Your words about my being ‘an authentic original in a world of smugly defiant carbon copies’ I find highly reassuring. Something over a half-century of involvement with films and film music tends to breed considerable uncertainty, particularly since that involvement has always been born of economic necessity; not aesthetic conviction. Consequently, the fact that you have singled out a number of my scores as being perhaps something more than merely expensive background noise is, to say the least, heartening; that I’ve perhaps not sold myself down the river. At least not entirely. The fact that the score for ‘The Barbarian and the Geisha’,- a far from box-office stand-out, got across to you as having not inconsiderable merit in its own right did much to dispel my doubt as to whether anyone actually listens to film music. Evidently you do, and for this assurance I am immeasurably grateful.
Yours, with warmest good wishes,-
Hugo Friedhofer
Never cease eating up anything to do with this film and score.
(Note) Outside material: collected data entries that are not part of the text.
(* Let $\mathcal D=[x_{1/2},x_{N_x+1/2}]\times[z_{1/2},z_{N_z+1/2}]$ be partitioned into rectangles $K_{ij}=[x_{i-1/2},x_{i+1/2}]\times[z_{j-1/2},z_{j+1/2}]$, and let $V_h^k$ be the space of functions in $L^2(\mathcal D)$ whose restriction to each $K_{ij}$ is a polynomial of degree at most $k$; $\mathbf V_h^k$ denotes $M$-vectors with entries in $V_h^k$. Let $\mathbf A(\mathbf x)=(a_{kj}(\mathbf x))_{k,j=1}^M$ be a symmetric positive definite matrix function, smooth on each cell (possible discontinuities only along mesh lines), and let $\bar{\mathbf A}$ be the matrix whose $(k,l)$ entry is $\nabla a_{kl}$, so that $(\bar{\mathbf A}\mathbf v)_k=\sum_l v_l\nabla a_{kl}$. Consider the semi-discrete LDG scheme: find $\widehat{\mathbf v}_h(t)\in\mathbf V_h^k$ (twice differentiable in $t$) and $\widehat{\mathbf S}_h(t)\in(\mathbf V_h^k)^2$ (an $M\times 2$ matrix whose columns are in $\mathbf V_h^k$) such that for every cell $K=K_{ij}$ with outward unit normal $\boldsymbol\nu$, $$\int_K \partial_t^2\widehat{\mathbf v}_h\cdot\mathbf p_h\,d\mathbf x+\int_K\mathbf A\widehat{\mathbf S}_h\cdot\nabla\mathbf p_h\,d\mathbf x-\big(\mathbf A^-\widehat{\mathbf S}_h^-\boldsymbol\nu,\mathbf p_h\big)_{\partial K}=0\qquad\forall\mathbf p_h\in\mathbf V_h^k,$$ $$\int_K\widehat{\mathbf S}_h\cdot\mathbf w_h\,d\mathbf x+\int_K\mathbf A\widehat{\mathbf v}_h\cdot\operatorname{div}\mathbf w_h\,d\mathbf x+\int_K\bar{\mathbf A}\widehat{\mathbf v}_h\cdot\mathbf w_h\,d\mathbf x-\big(\mathbf A\widehat{\mathbf v}_h^+,\mathbf w_h\boldsymbol\nu\big)_{\partial K}=0\qquad\forall\mathbf w_h\in(\mathbf V_h^k)^2,$$ where in the last boundary term $\mathbf A$ is evaluated from inside $K$, and on each interior edge the superscript $-$ ($+$) denotes the trace from the left/lower (right/upper) neighbouring cell (alternating fluxes), with homogeneous Dirichlet boundary conditions $\widehat{\mathbf v}=0$ on $\partial\mathcal D$. Then the semi-discrete energy $$E_h(t)=\int_{\mathcal D}\Big(\partial_t\widehat{\mathbf v}_h\cdot\partial_t\widehat{\mathbf v}_h+\widehat{\mathbf S}_h\cdot\widehat{\mathbf S}_h\Big)d\mathbf x$$ is conserved by this scheme for all $t>0$, i.e. $\frac{d}{dt}E_h(t)=0$.
   Context: The scheme discretizes the stochastic Galerkin (generalized polynomial chaos) system $\partial_t^2\widehat{\mathbf v}=\operatorname{div}(\mathbf A\widehat{\mathbf S})$, $\widehat{\mathbf S}=\mathbf A\nabla\widehat{\mathbf v}$ on $\mathcal D$ with $\widehat{\mathbf v}=0$ on $\partial\mathcal D$, where $a_{kj}(\mathbf x)=\int a(\mathbf x,\mathbf y)\Phi_k(\mathbf y)\Phi_j(\mathbf y)\rho(\mathbf y)d\mathbf y$ for orthonormal polynomials $\Phi_m$ with respect to the density $\rho$ of $\mathbf y$. Here "$\cdot$" denotes the Euclidean/Frobenius inner product of vectors or matrices, divergence and gradient act row-wise, and $\mathbf A^-$ is the matrix with entries $a_{kj}^-$. The analogous result holds with the other alternating choice ($\mathbf A^+\widehat{\mathbf S}_h^+$ and $\widehat{\mathbf v}_h^-$). *)

theory Defs
  imports "HOL-Analysis.Analysis"
begin

text \<open>A DG function in V_h^k is represented by the
family of its polynomial pieces: u i j is the polynomial (defined on the whole plane)
whose restriction to the cell K_ij is the function.  Traces on cell edges are then
evaluations of the appropriate piece.  Cells are indexed from 0:
K_ij = [xs i, xs (i+1)] x [zs j, zs (j+1)], i < Nx, j < Nz
(so xs i is x_{i+1/2} of the paper).  Vector components m < M; matrix columns d < 2
(d = 0: x-direction, d = 1: z-direction).\<close>

definition poly2 :: "nat \<Rightarrow> (real \<times> real \<Rightarrow> real) \<Rightarrow> bool" where
  "poly2 k f \<longleftrightarrow> (\<exists>c :: nat \<Rightarrow> nat \<Rightarrow> real.
      \<forall>x z. f (x, z) = (\<Sum>a\<le>k. \<Sum>b\<le>k - a. c a b * x ^ a * z ^ b))"

definition pdx :: "(real \<times> real \<Rightarrow> real) \<Rightarrow> real \<times> real \<Rightarrow> real" where
  "pdx f = (\<lambda>(x, z). deriv (\<lambda>s. f (s, z)) x)"

definition pdz :: "(real \<times> real \<Rightarrow> real) \<Rightarrow> real \<times> real \<Rightarrow> real" where
  "pdz f = (\<lambda>(x, z). deriv (\<lambda>s. f (x, s)) z)"

definition pd :: "nat \<Rightarrow> (real \<times> real \<Rightarrow> real) \<Rightarrow> real \<times> real \<Rightarrow> real" where
  "pd d f = (if d = 0 then pdx f else pdz f)"

definition cell :: "(nat \<Rightarrow> real) \<Rightarrow> (nat \<Rightarrow> real) \<Rightarrow> nat \<Rightarrow> nat \<Rightarrow> (real \<times> real) set" where
  "cell xs zs i j = {xs i..xs (Suc i)} \<times> {zs j..zs (Suc j)}"

definition Vh :: "nat \<Rightarrow> nat \<Rightarrow> nat \<Rightarrow> nat \<Rightarrow>
    (nat \<Rightarrow> nat \<Rightarrow> nat \<Rightarrow> real \<times> real \<Rightarrow> real) \<Rightarrow> bool" where
  "Vh Nx Nz M k p \<longleftrightarrow> (\<forall>i<Nx. \<forall>j<Nz. \<forall>m<M. poly2 k (p i j m))"

definition Vh2 :: "nat \<Rightarrow> nat \<Rightarrow> nat \<Rightarrow> nat \<Rightarrow>
    (nat \<Rightarrow> nat \<Rightarrow> nat \<Rightarrow> nat \<Rightarrow> real \<times> real \<Rightarrow> real) \<Rightarrow> bool" where
  "Vh2 Nx Nz M k w \<longleftrightarrow> (\<forall>i<Nx. \<forall>j<Nz. \<forall>m<M. \<forall>d<2. poly2 k (w i j m d))"

text \<open>Boundary pairing over the four edges of cell (i,j) with outward normal:
gR, gL are integrands (in z) on the right/left edge of the scalar product
F.p where F is the x-component (normal = (1,0) resp. (-1,0)); gT, gB likewise in x
on the top/bottom edge with the z-component.\<close>
definition bdry :: "(nat \<Rightarrow> real) \<Rightarrow> (nat \<Rightarrow> real) \<Rightarrow> nat \<Rightarrow> nat \<Rightarrow>
    (real \<Rightarrow> real) \<Rightarrow> (real \<Rightarrow> real) \<Rightarrow> (real \<Rightarrow> real) \<Rightarrow> (real \<Rightarrow> real) \<Rightarrow> real" where
  "bdry xs zs i j gR gL gT gB =
      integral {zs j..zs (Suc j)} gR - integral {zs j..zs (Suc j)} gL
    + integral {xs i..xs (Suc i)} gT - integral {xs i..xs (Suc i)} gB"

definition AS :: "nat \<Rightarrow> (nat \<Rightarrow> nat \<Rightarrow> nat \<Rightarrow> nat \<Rightarrow> real \<times> real \<Rightarrow> real) \<Rightarrow>
    (nat \<Rightarrow> nat \<Rightarrow> nat \<Rightarrow> nat \<Rightarrow> real \<times> real \<Rightarrow> real) \<Rightarrow>
    nat \<Rightarrow> nat \<Rightarrow> nat \<Rightarrow> nat \<Rightarrow> real \<times> real \<Rightarrow> real" where
  "AS M A S i j k d y = (\<Sum>l<M. A i j k l y * S i j l d y)"

text \<open>Flux A^- S^- : from the left (lower) neighbour; on the boundary of D the interior trace.\<close>
definition eq1 :: "nat \<Rightarrow> nat \<Rightarrow> nat \<Rightarrow> (nat \<Rightarrow> real) \<Rightarrow> (nat \<Rightarrow> real) \<Rightarrow>
    (nat \<Rightarrow> nat \<Rightarrow> nat \<Rightarrow> nat \<Rightarrow> real \<times> real \<Rightarrow> real) \<Rightarrow>
    (nat \<Rightarrow> nat \<Rightarrow> nat \<Rightarrow> real \<times> real \<Rightarrow> real) \<Rightarrow>
    (nat \<Rightarrow> nat \<Rightarrow> nat \<Rightarrow> nat \<Rightarrow> real \<times> real \<Rightarrow> real) \<Rightarrow>
    nat \<Rightarrow> nat \<Rightarrow> (nat \<Rightarrow> nat \<Rightarrow> nat \<Rightarrow> real \<times> real \<Rightarrow> real) \<Rightarrow> bool" where
  "eq1 Nx Nz M xs zs A vtt S i j p \<longleftrightarrow>
    (let iL = (if 0 < i then i - 1 else i); jB = (if 0 < j then j - 1 else j) in
     integral (cell xs zs i j) (\<lambda>y. \<Sum>m<M. vtt i j m y * p i j m y)
     + integral (cell xs zs i j) (\<lambda>y. \<Sum>m<M. \<Sum>d<2. AS M A S i j m d y * pd d (p i j m) y)
     - (\<Sum>m<M. bdry xs zs i j
          (\<lambda>z. AS M A S i j m 0 (xs (Suc i), z) * p i j m (xs (Suc i), z))
          (\<lambda>z. AS M A S iL j m 0 (xs i, z) * p i j m (xs i, z))
          (\<lambda>x. AS M A S i j m 1 (x, zs (Suc j)) * p i j m (x, zs (Suc j)))
          (\<lambda>x. AS M A S i jB m 1 (x, zs j) * p i j m (x, zs j)))
     = 0)"

text \<open>Second equation on cell (i,j) at a fixed time.  Flux v^+ : from the right (upper)
neighbour; on the boundary of D it is the Dirichlet value 0.  A is taken from inside K.\<close>
definition eq2 :: "nat \<Rightarrow> nat \<Rightarrow> nat \<Rightarrow> (nat \<Rightarrow> real) \<Rightarrow> (nat \<Rightarrow> real) \<Rightarrow>
    (nat \<Rightarrow> nat \<Rightarrow> nat \<Rightarrow> nat \<Rightarrow> real \<times> real \<Rightarrow> real) \<Rightarrow>
    (nat \<Rightarrow> nat \<Rightarrow> nat \<Rightarrow> real \<times> real \<Rightarrow> real) \<Rightarrow>
    (nat \<Rightarrow> nat \<Rightarrow> nat \<Rightarrow> nat \<Rightarrow> real \<times> real \<Rightarrow> real) \<Rightarrow>
    nat \<Rightarrow> nat \<Rightarrow> (nat \<Rightarrow> nat \<Rightarrow> nat \<Rightarrow> nat \<Rightarrow> real \<times> real \<Rightarrow> real) \<Rightarrow> bool" where
  "eq2 Nx Nz M xs zs A v S i j w \<longleftrightarrow>
    (let vR = (\<lambda>l y. if Suc i < Nx then v (Suc i) j l y else 0);
         vL = (\<lambda>l y. if 0 < i then v i j l y else 0);
         vT = (\<lambda>l y. if Suc j < Nz then v i (Suc j) l y else 0);
         vB = (\<lambda>l y. if 0 < j then v i j l y else 0) in
     integral (cell xs zs i j) (\<lambda>y. \<Sum>m<M. \<Sum>d<2. S i j m d y * w i j m d y)
     + integral (cell xs zs i j) (\<lambda>y. \<Sum>m<M. (\<Sum>l<M. A i j m l y * v i j l y)
            * (pdx (w i j m 0) y + pdz (w i j m 1) y))
     + integral (cell xs zs i j) (\<lambda>y. \<Sum>m<M. \<Sum>d<2.
            (\<Sum>l<M. v i j l y * pd d (A i j m l) y) * w i j m d y)
     - (\<Sum>m<M. bdry xs zs i j
          (\<lambda>z. (\<Sum>l<M. A i j m l (xs (Suc i), z) * vR l (xs (Suc i), z)) * w i j m 0 (xs (Suc i), z))
          (\<lambda>z. (\<Sum>l<M. A i j m l (xs i, z) * vL l (xs i, z)) * w i j m 0 (xs i, z))
          (\<lambda>x. (\<Sum>l<M. A i j m l (x, zs (Suc j)) * vT l (x, zs (Suc j))) * w i j m 1 (x, zs (Suc j)))
          (\<lambda>x. (\<Sum>l<M. A i j m l (x, zs j) * vB l (x, zs j)) * w i j m 1 (x, zs j)))
     = 0)"
theorem symmetric_mat_orthonormal_diagonalization:
  fixes A :: "real mat"
  assumes "A \<in> carrier_mat n n" "transpose_mat A = A"
  shows "\<exists>U ds. orthonormal_mat n U \<and> length ds = n \<and>
    transpose_mat U * A * U = mat_diag n (\<lambda>i. ds ! i)"
  using assms
proof (induction n arbitrary: A)
  case 0
  show ?case
    by (intro exI[of _ "1\<^sub>m 0"] exI[of _ "[]"]) (auto simp: orthonormal_mat_def mat_diag_def)
next
  case (Suc m)
  obtain e v where v: "v \<in> carrier_vec (Suc m)" "v \<bullet> v = 1" "A *\<^sub>v v = e \<cdot>\<^sub>v v"
    using symmetric_mat_unit_eigenvector[OF Suc.prems] by blast
  obtain W where W: "orthonormal_mat (Suc m) W" "col W 0 = v"
    using orthonormal_mat_with_first_col[OF v(1,2)] by blast
  obtain A3 where A3: "A3 \<in> carrier_mat m m" "transpose_mat A3 = A3"
    and WAW: "transpose_mat W * A * W = four_block_mat (mat 1 1 (\<lambda>_. e)) (0\<^sub>m 1 m) (0\<^sub>m m 1) A3"
    using orthonormal_congruence_eigenvector_block[OF Suc.prems W v(3)] by blast
  obtain U3 ds3 where U3: "orthonormal_mat m U3" "length ds3 = m"
    "transpose_mat U3 * A3 * U3 = mat_diag m (\<lambda>i. ds3 ! i)"
    using Suc.IH[OF A3] by blast
  define B where "B = four_block_mat (1\<^sub>m 1) (0\<^sub>m 1 m) (0\<^sub>m m 1) U3"
  have B: "orthonormal_mat (Suc m) B"
    unfolding B_def using orthonormal_mat_four_block_one[OF U3(1)] .
  have "transpose_mat (W * B) * A * (W * B) = transpose_mat B * (transpose_mat W * A * W) * B"
    using transpose_mult_congruence Suc.prems(1) W(1) B orthonormal_mat_carrier by blast
  also have "\<dots> = four_block_mat (mat 1 1 (\<lambda>_. e)) (0\<^sub>m 1 m) (0\<^sub>m m 1) (mat_diag m (\<lambda>i. ds3 ! i))"
    unfolding WAW B_def U3(3)[symmetric]
    by (rule four_block_one_congruence[OF orthonormal_mat_carrier[OF U3(1)] _ A3(1)]) simp
  also have "\<dots> = mat_diag (Suc m) (\<lambda>i. (e # ds3) ! i)"
    by (rule eq_matI) (auto simp: mat_diag_def)
  finally show ?case
    using orthonormal_mat_mult[OF W(1) B] U3(2) by (intro exI[of _ "W * B"] exI[of _ "e # ds3"]) auto
qed

section \<open>The second eigenvalue bounds the Rayleigh quotient\<close>

lemma proots_prod_linear_factors: "proots (\<Prod>a\<leftarrow>ds. [:- a, 1:]) = mset (ds :: real list)"
proof (induction ds)
  case (Cons e ds)
  have "(\<Prod>a\<leftarrow>ds. [:- a, 1:]) \<noteq> 0" by (auto simp: prod_list_zero_iff)
  then have "proots ([:- e, 1:] * (\<Prod>a\<leftarrow>ds. [:- a, 1:]))
      = proots [:- e, 1:] + proots (\<Prod>a\<leftarrow>ds. [:- a, 1:])"
    by (intro proots_mult) auto
  then show ?case using Cons by (simp del: mult_pCons_left)
qed simp

lemma orthonormal_congruence_inverse:
  assumes U: "orthonormal_mat n U" and A: "A \<in> carrier_mat n n"
  shows "A = U * (transpose_mat U * A * U) * transpose_mat U"
proof -
  have Uc: "U \<in> carrier_mat n n" using U by (rule orthonormal_mat_carrier)
  have "U * (transpose_mat U * A * U) * transpose_mat U
      = (U * transpose_mat U) * A * (U * transpose_mat U)"
    using A Uc by (simp add: assoc_mult_mat[of _ n n _ n _ n])
  then show ?thesis using A orthonormal_mat_right_inverse[OF U] by simp
qed

lemma char_poly_orthonormal_diagonalization:
  fixes A :: "real mat"
  assumes A: "A \<in> carrier_mat n n" and U: "orthonormal_mat n U" and ds: "length ds = n"
    and diag: "transpose_mat U * A * U = mat_diag n (\<lambda>i. ds ! i)"
  shows "char_poly A = (\<Prod>a\<leftarrow>ds. [:- a, 1:])"
proof -
  have Uc: "U \<in> carrier_mat n n" using U by (rule orthonormal_mat_carrier)
  have UUt: "U * transpose_mat U = 1\<^sub>m n" using U by (rule orthonormal_mat_right_inverse)
  have "similar_mat_wit A (mat_diag n (\<lambda>i. ds ! i)) U (transpose_mat U)"
    unfolding similar_mat_wit_def diag[symmetric] Let_def
    using A Uc U UUt orthonormal_congruence_inverse[OF U A] by (auto simp: orthonormal_mat_def)
  then have "similar_mat A (mat_diag n (\<lambda>i. ds ! i))"
    unfolding similar_mat_def by blast
  then have "char_poly A = char_poly (mat_diag n (\<lambda>i. ds ! i))" by (rule char_poly_similar)
  also have "\<dots> = (\<Prod>a\<leftarrow>diag_mat (mat_diag n (\<lambda>i. ds ! i)). [:- a, 1:])"
    by (rule char_poly_upper_triangular[OF mat_diag_dim]) (auto simp: mat_diag_def upper_triangular_def)
  also have "diag_mat (mat_diag n (\<lambda>i. ds ! i)) = ds"
    using ds by (intro nth_equalityI) (auto simp: diag_mat_def mat_diag_def)
  finally show ?thesis .
qed

lemma nth_le_second_largest:
  fixes ds :: "real list"
  assumes i: "i < length ds" and k: "k < length ds" and ik: "i \<noteq> k" and le: "ds ! i \<le> ds ! k"
  shows "ds ! i \<le> rev (sort ds) ! 1"
proof (rule ccontr)
  assume "\<not> ?thesis"
  then have lt: "rev (sort ds) ! 1 < ds ! i" by simp
  define s where "s = rev (sort ds)"
  let ?P = "\<lambda>x. ds ! i \<le> x"
  have "card {i, k} \<le> card {j. j < length ds \<and> ?P (ds ! j)}"
    using i k le by (intro card_mono) auto
  then have "2 \<le> length (filter ?P ds)" using ik by (simp add: length_filter_conv_card)
  also have "length (filter ?P ds) = length (filter ?P s)"
    unfolding s_def by (metis mset_filter mset_rev mset_sort size_mset)
  also have "\<dots> \<le> card {0::nat}"
    unfolding length_filter_conv_card
  proof (intro card_mono subsetI)
    fix j assume j: "j \<in> {j. j < length s \<and> ?P (s ! j)}"
    have "s ! j \<le> s ! 1" if "1 \<le> j"
      using j that unfolding s_def by (auto simp: rev_nth intro!: sorted_nth_mono)
    then show "j \<in> {0}" using j lt unfolding s_def by (cases j) auto
  qed simp
  finally show False by simp
qed

lemma scalar_prod_orthonormal_coords:
  assumes U: "orthonormal_mat n U" and z: "z \<in> carrier_vec n"
  shows "z \<bullet> z = (\<Sum>i<n. ((transpose_mat U *\<^sub>v z) $ i)\<^sup>2)"
proof -
  have Uc: "U \<in> carrier_mat n n" using U by (rule orthonormal_mat_carrier)
  define y where "y = transpose_mat U *\<^sub>v z"
  have y: "y \<in> carrier_vec n" unfolding y_def using Uc z by simp
  have "U *\<^sub>v y = z" unfolding y_def using Uc z orthonormal_mat_right_inverse[OF U]
    by (simp add: assoc_mult_mat_vec[of _ n n _ n z, symmetric])
  then have "z \<bullet> z = y \<bullet> y"
    using transpose_vec_mult_scalar[OF Uc y z] unfolding y_def by simp
  also have "\<dots> = (\<Sum>i<n. (y $ i)\<^sup>2)"
    using y by (simp add: scalar_prod_def power2_eq_square lessThan_atLeast0)
  finally show ?thesis unfolding y_def .
qed

lemma quadratic_form_orthonormal_coords:
  fixes A :: "real mat"
  assumes A: "A \<in> carrier_mat n n" and U: "orthonormal_mat n U"
    and diag: "transpose_mat U * A * U = mat_diag n (\<lambda>i. ds ! i)" and z: "z \<in> carrier_vec n"
  shows "z \<bullet> (A *\<^sub>v z) = (\<Sum>i<n. ds ! i * ((transpose_mat U *\<^sub>v z) $ i)\<^sup>2)"
proof -
  have Uc: "U \<in> carrier_mat n n" using U by (rule orthonormal_mat_carrier)
  define D where "D = mat_diag n (\<lambda>i. ds ! i)"
  define y where "y = transpose_mat U *\<^sub>v z"
  have y: "y \<in> carrier_vec n" unfolding y_def using Uc z by simp
  have D: "D \<in> carrier_mat n n" unfolding D_def by simp
  have "A = U * D * transpose_mat U"
    using orthonormal_congruence_inverse[OF U A] unfolding diag D_def .
  then have "A *\<^sub>v z = U *\<^sub>v (D *\<^sub>v y)"
    unfolding y_def using Uc D z by (simp add: assoc_mult_mat_vec[of _ n n _ n z])
  then have "z \<bullet> (A *\<^sub>v z) = y \<bullet> (D *\<^sub>v y)"
    using transpose_vec_mult_scalar[OF Uc, of "D *\<^sub>v y" z] D y z unfolding y_def by simp
  also have "\<dots> = (\<Sum>i<n. ds ! i * (y $ i)\<^sup>2)"
  proof -
    have "(D *\<^sub>v y) $ i = ds ! i * y $ i" if "i < n" for i
      using that y unfolding D_def
      by (auto simp: scalar_prod_def mat_diag_def, subst sum.remove[of _ i], auto)
    then show ?thesis using y D
      by (simp add: scalar_prod_def power2_eq_square lessThan_atLeast0 mult_ac)
  qed
  finally show ?thesis unfolding y_def .
qed

lemma symmetric_mat_scalar_prod:
  fixes A :: "real mat"
  assumes "A \<in> carrier_mat n n" "transpose_mat A = A" "x \<in> carrier_vec n" "y \<in> carrier_vec n"
  shows "x \<bullet> (A *\<^sub>v y) = (A *\<^sub>v x) \<bullet> y"
  using transpose_vec_mult_scalar[OF assms(1,4,3)] assms by (metis comm_scalar_prod mult_mat_vec_carrier)

lemma quadratic_form_add_orthogonal_eigenvector:
  fixes A :: "real mat"
  assumes A: "A \<in> carrier_mat n n" and sym: "transpose_mat A = A"
    and u: "u \<in> carrier_vec n" and ev: "A *\<^sub>v u = d \<cdot>\<^sub>v u"
    and x: "x \<in> carrier_vec n" and xu: "x \<bullet> u = 0"
  shows "(a \<cdot>\<^sub>v x + b \<cdot>\<^sub>v u) \<bullet> (A *\<^sub>v (a \<cdot>\<^sub>v x + b \<cdot>\<^sub>v u))
      = a\<^sup>2 * (x \<bullet> (A *\<^sub>v x)) + b\<^sup>2 * d * (u \<bullet> u)"
    and "(a \<cdot>\<^sub>v x + b \<cdot>\<^sub>v u) \<bullet> (a \<cdot>\<^sub>v x + b \<cdot>\<^sub>v u) = a\<^sup>2 * (x \<bullet> x) + b\<^sup>2 * (u \<bullet> u)"
proof -
  have ux: "u \<bullet> x = 0" using xu comm_scalar_prod[OF x u] by simp
  have uAx: "u \<bullet> (A *\<^sub>v x) = 0"
    using symmetric_mat_scalar_prod[OF A sym u x] ev u x ux by simp
  have Ax: "A *\<^sub>v x \<in> carrier_vec n" using A x by simp
  have "A *\<^sub>v (a \<cdot>\<^sub>v x + b \<cdot>\<^sub>v u) = a \<cdot>\<^sub>v (A *\<^sub>v x) + (b * d) \<cdot>\<^sub>v u"
    using A x u ev by (simp add: mult_add_distrib_mat_vec[of _ n n] mult_mat_vec[of _ n n] smult_smult_assoc)
  then show "(a \<cdot>\<^sub>v x + b \<cdot>\<^sub>v u) \<bullet> (A *\<^sub>v (a \<cdot>\<^sub>v x + b \<cdot>\<^sub>v u))
      = a\<^sup>2 * (x \<bullet> (A *\<^sub>v x)) + b\<^sup>2 * d * (u \<bullet> u)"
    using x u Ax xu ux uAx
    by (simp add: add_scalar_prod_distrib[of _ n] scalar_prod_add_distrib[of _ n]
        power2_eq_square algebra_simps)
  show "(a \<cdot>\<^sub>v x + b \<cdot>\<^sub>v u) \<bullet> (a \<cdot>\<^sub>v x + b \<cdot>\<^sub>v u) = a\<^sup>2 * (x \<bullet> x) + b\<^sup>2 * (u \<bullet> u)"
    using x u xu ux
    by (simp add: add_scalar_prod_distrib[of _ n] scalar_prod_add_distrib[of _ n]
        power2_eq_square algebra_simps)
qed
Pop finally returned home from the Pacific a few months after VJ Day, tracked down the coed who was some other soldier boy’s date from that night whenever and married her November, ’46 in New York. Best Years opened up in Manhattan the next week!
Great to connect once again, Roger.
Best Years of our Lives Musical Score is one of the finest of all time. It did capture the America Moment post 1945 – uncertain future of return Vets with big problems that went by for so long unnoticed. Friedhofer’s score fit the movie and the times perfectly and your description is pretty near perfect. Friedhofer was a genius – thank you for this informative post.